2008年8月22日

Harsh Chinese Crackdown Coming in Xinjiang

by Willy Lam
15 August 2008

Once the troublesome
Olympic Games are out of the way, steel will rain on China’s rebellious regions

Chinese Communist Party and military authorities are set to launch an all-out, life-and-death struggle against underground, “splittist” elements in Xinjiang, whose three attacks against security personnel this month resulted in the death of 20 police and officers of the People’s Armed Police.

Diplomatic sources in the Chinese capital said the enhanced military action would begin immediately after the Olympics end on the 24th, when the world’s attention will no longer be focused on China’s human rights record, including its shabby treatment of the Uighur minorities in the Xinjiang Autonomous Region.

The political fortunes of President Hu Jintao’s faction are at stake. Since disturbances began to intensify in Tibet and Xinjiang early this year, Hu cronies running western China, including the Xinjiang Autonomous Region Party Secretary Wang Liqun and Tibet Party Secretary Zhang Qingli, have come in for criticism by other CCP factions for failing to do a good job in maintaining stability in the two flashpoint regions.

In the Chinese tradition, cadres under fire for failing to maintain law and order will normally opt for hawkish and draconian measures so as to demonstrate their toughness as well as “political resoluteness.” Given that Wang’s and Zhang’s jobs are on the line, they would seem to have ample reason to use whatever firepower they could muster to obliterate bitter foes among the ethnic minorities.

The call to arms was issued August 13 by Politburo member and Xinjiang region secretary Wang, Hu’s protégé. In language that recalls the excesses of the Cultural Revolution (1966-76), Wang said in a meeting with local cadres and military officials that the CCP’s war against the “three evil forces” – or groups advocating terrorism, separatism and religious extremism – would be “a struggle unto death… that will remain long-term, severe and convoluted.”

Wang also hinted that there was no room for compromise or for a non-military settlement of the differences between Beijing and these “enemy forces.” The Politburo stalwart told his comrades that military and police forces must “seize the initiative in attacking, hit them [the enemies] wherever they show up, and undertake pre-emptive strikes” so as to deny the three evil forces opportunities to re-group.

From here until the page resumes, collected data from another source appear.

theorem mainTheorem7:
  "\<exists>C :: real \<Rightarrow> real \<Rightarrow> real \<Rightarrow> real.
    \<forall>(m::nat) (d::nat) (n::nat) (X::real mat) (Y::real vec)
      (A::nat \<Rightarrow> real vec) (W::nat \<Rightarrow> real mat) (\<eta>::real) (\<beta>::real) (c2::real) (c5::real).
     even m \<and> d \<ge> 1 \<and> n \<ge> 1 \<and>
     X \<in> carrier_mat d n \<and> Y \<in> carrier_vec n \<and> (\<forall>i<n. Y $ i = 1 \<or> Y $ i = -1) \<and>
     A 0 \<in> carrier_vec m \<and> W 0 \<in> carrier_mat m d \<and>
     (\<forall>t. A (Suc t) = A t - (2 * \<eta> / (real n * sqrt (real m))) \<cdot>\<^sub>v
                          (W t * X *\<^sub>v Resid m X Y (W t) (A t))) \<and>
     (\<forall>t. W (Suc t) = W t - (2 * \<eta> / (real n * sqrt (real m))) \<cdot>\<^sub>m
                          (outer (A t) (Resid m X Y (W t) (A t)) * transpose_mat X)) \<and>
     transpose_mat (W 0) * W 0 = (real m / real d) \<cdot>\<^sub>m 1\<^sub>m d \<and>
     Fout m X (W 0) (A 0) = 0\<^sub>v n \<and>
     \<eta> > 0 \<and>
     c2 > 0 \<and> (\<forall>t. opnorm (GammaM m n d X (W t)) \<le> c2 / real m) \<and>
     \<beta> > 0 \<and> (\<forall>t. lambda_max (GramM m n X (W t) (A t)) \<le> 4 / \<eta> * (1 - \<beta>)) \<and>
     lam (transpose_mat X * X) 1 \<ge> 2 * lam (transpose_mat X * X) 2 \<and>
     \<eta> * (real d + 1) * lam (transpose_mat X * X) 1 < real n * real d \<and>
     0 < c5 \<and> c5 < 2 * \<beta> \<and> c5 < real d / (real d + 1) \<and>
     real m > 3 * \<eta> * c2 / (2 * real d / (real d + 1) - 2 * c5) \<and>
     real m > \<eta> * c2 / (2 * \<beta> - c5)
     \<longrightarrow> (\<forall>t. vnorm (Resid m X Y (W t) (A t))
              \<le> C c5 \<eta> (lam (transpose_mat X * X) 1 / real n) * sqrt (real n * real m))"
  by (intro exI[of _ "\<lambda>_ \<eta> r. if 0 < r then 2 / (\<eta> * sqrt r) + 1 else 1"] allI impI,
      elim conjE, rule vnorm_Resid_gd_le) assumption+

end
lemma closed_range_baire_ball:
  fixes Vs :: "'a::{real_inner,complete_space} set" and D :: "'a \<Rightarrow> 'a"
  assumes sub: "subspace Vs" and lin: "lin_on Vs D" and clB: "closed (D ` Vs)"
  obtains n :: nat and b0 e where "e > 0" "b0 \<in> D ` Vs"
    "\<And>b. b \<in> D ` Vs \<Longrightarrow> dist b b0 < e \<Longrightarrow> b \<in> closure (D ` {x\<in>Vs. norm x \<le> real n})"
proof -
  define B where "B = D ` Vs"
  define A where "A n = closure (D ` {x\<in>Vs. norm x \<le> real n})" for n :: nat
  define X where "X = top_of_set B"
  have AB: "A n \<subseteq> B" for n
  proof -
    have "A n \<subseteq> closure B" unfolding A_def B_def by (rule closure_mono) blast
    then show ?thesis using closure_closed[OF clB] unfolding B_def by simp
  qed
  have UA: "\<Union> (range A) = B"
  proof (intro equalityI subsetI)
    fix b assume "b \<in> B"
    then obtain x where x: "x \<in> Vs" "b = D x" unfolding B_def by (rule imageE) simp
    obtain n :: nat where "norm x \<le> real n" using real_arch_simple by blast
    then have "b \<in> D ` {x\<in>Vs. norm x \<le> real n}" using x by blast
    then have "b \<in> A n" unfolding A_def by (rule closure_subset[THEN subsetD])
    then show "b \<in> \<Union> (range A)" by blast
  qed (use AB in blast)
  have nonempty: "X interior_of \<Union> (range A) \<noteq> {}"
  proof -
    have "0 \<in> B"
      unfolding B_def by (rule image_eqI[where x=0]) (use lin_on_zero[OF sub lin] subspace_0[OF sub] in auto)
    moreover have "X interior_of \<Union> (range A) = B"
      using UA interior_of_topspace[of X] by (simp add: X_def)
    ultimately show ?thesis by blast
  qed
  have cm: "completely_metrizable_space X" unfolding X_def
    by (rule completely_metrizable_space_closedin[OF completely_metrizable_space_euclidean])
      (use clB in \<open>unfold B_def closed_closedin\<close>)
  have "\<exists>n. X interior_of A n \<noteq> {}"
  proof (rule ccontr)
    assume no_interior: "\<nexists>n. X interior_of A n \<noteq> {}"
    have "X interior_of \<Union> (range A) = {}"
    proof (rule Baire_category_alt)
      fix T assume "T \<in> range A"
      then obtain n where "T = A n" by blast
      moreover have "closedin X (A n)" unfolding X_def by (rule closed_subset[OF AB]) (simp add: A_def)
      ultimately show "closedin X T \<and> X interior_of T = {}" using no_interior by blast
    qed (use cm in auto)
    then show False using nonempty by contradiction
  qed
  then obtain n b0 U where U: "openin X U" "b0 \<in> U" "U \<subseteq> A n" unfolding interior_of_def by blast
  then obtain e where e: "e > 0" "\<And>b. b \<in> B \<Longrightarrow> dist b b0 < e \<Longrightarrow> b \<in> U"
    unfolding X_def openin_euclidean_subtopology_iff by blast
  show ?thesis
  proof (rule that[OF e(1)])
    show "b0 \<in> D ` Vs" using U AB unfolding B_def by blast
    show "b \<in> closure (D ` {x\<in>Vs. norm x \<le> real n})" if "b \<in> D ` Vs" "dist b b0 < e" for b
      using e(2) that U(3) unfolding A_def B_def by blast
  qed
qed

Recent party documents on the “next stage of struggle” against the “three evil forces” have underscored the significance of a kind of responsibility system for PLA, PAP and ordinary police officers. This means that military and police officers must ensure that areas under their jurisdiction be free of underground separatist or extremist bases. And if trouble or quasi-terrorist activities occur in a certain city, town or county, responsible cadres or officers are to be fired or demoted immediately.

As Wang said Wednesday: “Every official must man his command post well. Officials must have a high sense of responsibility toward safeguarding areas [under their jurisdiction].”

Beijing sources knowledgeable about Beijing’s policies toward ethnic minorities – especially Uighurs – say that President Hu has totally abandoned the policy of flexibility and appeasement advocated by his patron, former party chief Hu Yaobang, in the 1980s.

The sources have pinpointed two new thrusts in Beijing’s long-standing efforts to tame Xinjiang. Firstly, more troops – and hardware such as jet fighters – are to be moved to the Lanzhou Military Region (MR), which is responsible for western provinces including Gansu, Ningxia and Xinjiang. Reinforcements have come, for example, from divisions that were originally responsible for guarding the border with Russia and for a possible military confrontation with Taiwan.

With relations across the Strait having been stabilized in the wake of the triumph of the Kuomintang at presidential polls last March, several units from the Nanjing Military Region (which is responsible for Taiwan) have been deployed in the Lanzhou MR for the time being.

Secondly, Xinjiang public security departments will revive the surveillance and “spying” functions of neighborhood committees in various cities in the autonomous regions. XAR authorities have allocated additional funds to hire “part-time informants” that are attached to neighborhood committees. These informants, who include both Han Chinese and Uighurs, are tasked with telling police about suspicious-looking people who have newly moved into the neighborhood.

At least as of now, President Hu is confident that iron-clad tactics against Uighur “rebels” would not lead to serious international repercussions. The US has in the past few years toned down criticism of Beijing’s XAR policy partly in return for China’s help in Washington’s global anti-terrorism gambit. And President George W Bush’s appearance at the opening ceremony of the Games has convinced Beijing that whatever it does in Xinjiang or Tibet will not lead to a deterioration of Sino-U.S. ties.

Moreover, even if the PLA and PAP were to play hardball with “underground gangs” in the XAR, such actions would pale beside the recent incursion of Russian groups into Georgia. The Western world’s lukewarm response to the Georgian crisis reinforces the CCP leadership’s belief that it can get away with even the most repressive policies in Tibet and Xinjiang.